◆ What to do
Nothing may be dropped or added when the entries below are copied.

◆ Records for the exercise
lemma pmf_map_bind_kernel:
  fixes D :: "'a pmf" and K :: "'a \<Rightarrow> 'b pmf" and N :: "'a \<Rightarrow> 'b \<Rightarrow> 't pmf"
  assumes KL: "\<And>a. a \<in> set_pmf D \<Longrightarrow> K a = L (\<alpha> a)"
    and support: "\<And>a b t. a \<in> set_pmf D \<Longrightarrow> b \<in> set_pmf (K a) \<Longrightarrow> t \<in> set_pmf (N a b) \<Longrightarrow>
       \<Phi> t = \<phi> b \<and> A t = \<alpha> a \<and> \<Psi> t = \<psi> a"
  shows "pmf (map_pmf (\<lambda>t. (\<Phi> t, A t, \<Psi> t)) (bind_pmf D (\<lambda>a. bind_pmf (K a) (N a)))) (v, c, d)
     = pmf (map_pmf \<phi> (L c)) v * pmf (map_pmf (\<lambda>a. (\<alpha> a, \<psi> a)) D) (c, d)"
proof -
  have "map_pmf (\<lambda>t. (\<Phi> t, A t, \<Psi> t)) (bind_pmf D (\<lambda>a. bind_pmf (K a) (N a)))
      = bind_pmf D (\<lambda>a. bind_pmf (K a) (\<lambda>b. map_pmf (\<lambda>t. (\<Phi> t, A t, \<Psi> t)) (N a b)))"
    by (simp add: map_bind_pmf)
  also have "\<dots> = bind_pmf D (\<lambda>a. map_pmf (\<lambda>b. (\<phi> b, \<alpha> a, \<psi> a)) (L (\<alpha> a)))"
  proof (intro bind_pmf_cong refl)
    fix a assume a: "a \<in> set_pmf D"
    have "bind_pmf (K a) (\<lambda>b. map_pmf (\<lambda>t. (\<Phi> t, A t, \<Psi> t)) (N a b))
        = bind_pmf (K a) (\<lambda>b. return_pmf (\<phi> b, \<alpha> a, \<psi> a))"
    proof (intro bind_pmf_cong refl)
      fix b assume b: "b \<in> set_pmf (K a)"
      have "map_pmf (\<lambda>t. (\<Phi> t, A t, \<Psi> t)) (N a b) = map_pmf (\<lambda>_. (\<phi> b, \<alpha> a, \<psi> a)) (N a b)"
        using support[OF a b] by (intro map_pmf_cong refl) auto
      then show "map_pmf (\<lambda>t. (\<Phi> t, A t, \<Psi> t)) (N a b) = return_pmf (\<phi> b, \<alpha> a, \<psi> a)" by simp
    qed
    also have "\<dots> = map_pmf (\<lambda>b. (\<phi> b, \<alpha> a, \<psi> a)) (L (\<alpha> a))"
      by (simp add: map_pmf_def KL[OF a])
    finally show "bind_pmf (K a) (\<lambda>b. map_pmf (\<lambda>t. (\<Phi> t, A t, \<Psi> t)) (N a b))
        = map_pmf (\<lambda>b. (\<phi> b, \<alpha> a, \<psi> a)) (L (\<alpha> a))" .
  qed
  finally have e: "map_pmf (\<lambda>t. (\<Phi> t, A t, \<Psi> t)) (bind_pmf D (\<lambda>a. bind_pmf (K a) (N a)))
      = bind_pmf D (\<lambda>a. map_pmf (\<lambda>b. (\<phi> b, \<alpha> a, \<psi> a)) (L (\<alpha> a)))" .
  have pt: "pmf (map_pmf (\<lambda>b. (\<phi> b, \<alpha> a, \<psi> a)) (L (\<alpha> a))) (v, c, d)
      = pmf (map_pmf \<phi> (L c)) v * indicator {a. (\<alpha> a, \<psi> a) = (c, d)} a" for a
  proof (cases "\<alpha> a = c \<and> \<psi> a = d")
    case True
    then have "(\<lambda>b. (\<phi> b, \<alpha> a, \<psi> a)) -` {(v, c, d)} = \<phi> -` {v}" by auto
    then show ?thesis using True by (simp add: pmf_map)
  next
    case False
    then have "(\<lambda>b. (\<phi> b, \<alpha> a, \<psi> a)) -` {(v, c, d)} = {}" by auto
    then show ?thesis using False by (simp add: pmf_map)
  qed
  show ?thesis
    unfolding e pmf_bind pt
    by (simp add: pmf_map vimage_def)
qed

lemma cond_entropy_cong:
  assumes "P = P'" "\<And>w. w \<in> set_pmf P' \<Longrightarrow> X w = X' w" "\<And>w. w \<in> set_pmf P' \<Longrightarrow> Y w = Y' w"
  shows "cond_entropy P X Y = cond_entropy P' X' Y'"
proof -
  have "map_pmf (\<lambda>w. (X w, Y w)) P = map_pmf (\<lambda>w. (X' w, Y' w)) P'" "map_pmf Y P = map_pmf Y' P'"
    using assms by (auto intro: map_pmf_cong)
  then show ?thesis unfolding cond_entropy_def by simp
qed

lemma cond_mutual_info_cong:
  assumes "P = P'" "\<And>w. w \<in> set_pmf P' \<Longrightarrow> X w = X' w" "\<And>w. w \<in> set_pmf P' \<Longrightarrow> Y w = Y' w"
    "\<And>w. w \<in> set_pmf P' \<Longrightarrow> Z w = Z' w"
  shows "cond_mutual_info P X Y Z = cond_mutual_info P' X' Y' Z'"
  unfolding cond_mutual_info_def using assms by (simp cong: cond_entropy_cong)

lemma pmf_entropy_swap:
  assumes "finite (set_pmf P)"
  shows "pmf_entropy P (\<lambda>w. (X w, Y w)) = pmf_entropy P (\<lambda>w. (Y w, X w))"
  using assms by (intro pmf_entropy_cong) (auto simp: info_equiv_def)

◆ Answer to this problem
lemma pmf_map_bind_kernel:
  fixes D :: "'a pmf" and K :: "'a \<Rightarrow> 'b pmf" and N :: "'a \<Rightarrow> 'b \<Rightarrow> 't pmf"
  assumes KL: "\<And>a. a \<in> set_pmf D \<Longrightarrow> K a = L (\<alpha> a)"
    and support: "\<And>a b t. a \<in> set_pmf D \<Longrightarrow> b \<in> set_pmf (K a) \<Longrightarrow> t \<in> set_pmf (N a b) \<Longrightarrow>
       \<Phi> t = \<phi> b \<and> A t = \<alpha> a \<and> \<Psi> t = \<psi> a"
  shows "pmf (map_pmf (\<lambda>t. (\<Phi> t, A t, \<Psi> t)) (bind_pmf D (\<lambda>a. bind_pmf (K a) (N a)))) (v, c, d)
     = pmf (map_pmf \<phi> (L c)) v * pmf (map_pmf (\<lambda>a. (\<alpha> a, \<psi> a)) D) (c, d)"
proof -
  have "map_pmf (\<lambda>t. (\<Phi> t, A t, \<Psi> t)) (bind_pmf D (\<lambda>a. bind_pmf (K a) (N a)))
      = bind_pmf D (\<lambda>a. bind_pmf (K a) (\<lambda>b. map_pmf (\<lambda>t. (\<Phi> t, A t, \<Psi> t)) (N a b)))"
    by (simp add: map_bind_pmf)
  also have "\<dots> = bind_pmf D (\<lambda>a. map_pmf (\<lambda>b. (\<phi> b, \<alpha> a, \<psi> a)) (L (\<alpha> a)))"
  proof (intro bind_pmf_cong refl)
    fix a assume a: "a \<in> set_pmf D"
    have "bind_pmf (K a) (\<lambda>b. map_pmf (\<lambda>t. (\<Phi> t, A t, \<Psi> t)) (N a b))
        = bind_pmf (K a) (\<lambda>b. return_pmf (\<phi> b, \<alpha> a, \<psi> a))"
    proof (intro bind_pmf_cong refl)
      fix b assume b: "b \<in> set_pmf (K a)"
      have "map_pmf (\<lambda>t. (\<Phi> t, A t, \<Psi> t)) (N a b) = map_pmf (\<lambda>_. (\<phi> b, \<alpha> a, \<psi> a)) (N a b)"
        using support[OF a b] by (intro map_pmf_cong refl) auto
      then show "map_pmf (\<lambda>t. (\<Phi> t, A t, \<Psi> t)) (N a b) = return_pmf (\<phi> b, \<alpha> a, \<psi> a)" by simp
    qed
    also have "\<dots> = map_pmf (\<lambda>b. (\<phi> b, \<alpha> a, \<psi> a)) (L (\<alpha> a))"
      by (simp add: map_pmf_def KL[OF a])
    finally show "bind_pmf (K a) (\<lambda>b. map_pmf (\<lambda>t. (\<Phi> t, A t, \<Psi> t)) (N a b))
        = map_pmf (\<lambda>b. (\<phi> b, \<alpha> a, \<psi> a)) (L (\<alpha> a))" .
  qed
  finally have e: "map_pmf (\<lambda>t. (\<Phi> t, A t, \<Psi> t)) (bind_pmf D (\<lambda>a. bind_pmf (K a) (N a)))
      = bind_pmf D (\<lambda>a. map_pmf (\<lambda>b. (\<phi> b, \<alpha> a, \<psi> a)) (L (\<alpha> a)))" .
  have pt: "pmf (map_pmf (\<lambda>b. (\<phi> b, \<alpha> a, \<psi> a)) (L (\<alpha> a))) (v, c, d)
      = pmf (map_pmf \<phi> (L c)) v * indicator {a. (\<alpha> a, \<psi> a) = (c, d)} a" for a
  proof (cases "\<alpha> a = c \<and> \<psi> a = d")
    case True
    then have "(\<lambda>b. (\<phi> b, \<alpha> a, \<psi> a)) -` {(v, c, d)} = \<phi> -` {v}" by auto
    then show ?thesis using True by (simp add: pmf_map)
  next
    case False
    then have "(\<lambda>b. (\<phi> b, \<alpha> a, \<psi> a)) -` {(v, c, d)} = {}" by auto
    then show ?thesis using False by (simp add: pmf_map)
  qed
  show ?thesis
    unfolding e pmf_bind pt
    by (simp add: pmf_map vimage_def)
qed

lemma cond_entropy_cong:
  assumes "P = P'" "\<And>w. w \<in> set_pmf P' \<Longrightarrow> X w = X' w" "\<And>w. w \<in> set_pmf P' \<Longrightarrow> Y w = Y' w"
  shows "cond_entropy P X Y = cond_entropy P' X' Y'"
proof -
  have "map_pmf (\<lambda>w. (X w, Y w)) P = map_pmf (\<lambda>w. (X' w, Y' w)) P'" "map_pmf Y P = map_pmf Y' P'"
    using assms by (auto intro: map_pmf_cong)
  then show ?thesis unfolding cond_entropy_def by simp
qed

lemma cond_mutual_info_cong:
  assumes "P = P'" "\<And>w. w \<in> set_pmf P' \<Longrightarrow> X w = X' w" "\<And>w. w \<in> set_pmf P' \<Longrightarrow> Y w = Y' w"
    "\<And>w. w \<in> set_pmf P' \<Longrightarrow> Z w = Z' w"
  shows "cond_mutual_info P X Y Z = cond_mutual_info P' X' Y' Z'"
  unfolding cond_mutual_info_def using assms by (simp cong: cond_entropy_cong)

lemma pmf_entropy_swap:
  assumes "finite (set_pmf P)"
  shows "pmf_entropy P (\<lambda>w. (X w, Y w)) = pmf_entropy P (\<lambda>w. (Y w, X w))"
  using assms by (intro pmf_entropy_cong) (auto simp: info_equiv_def)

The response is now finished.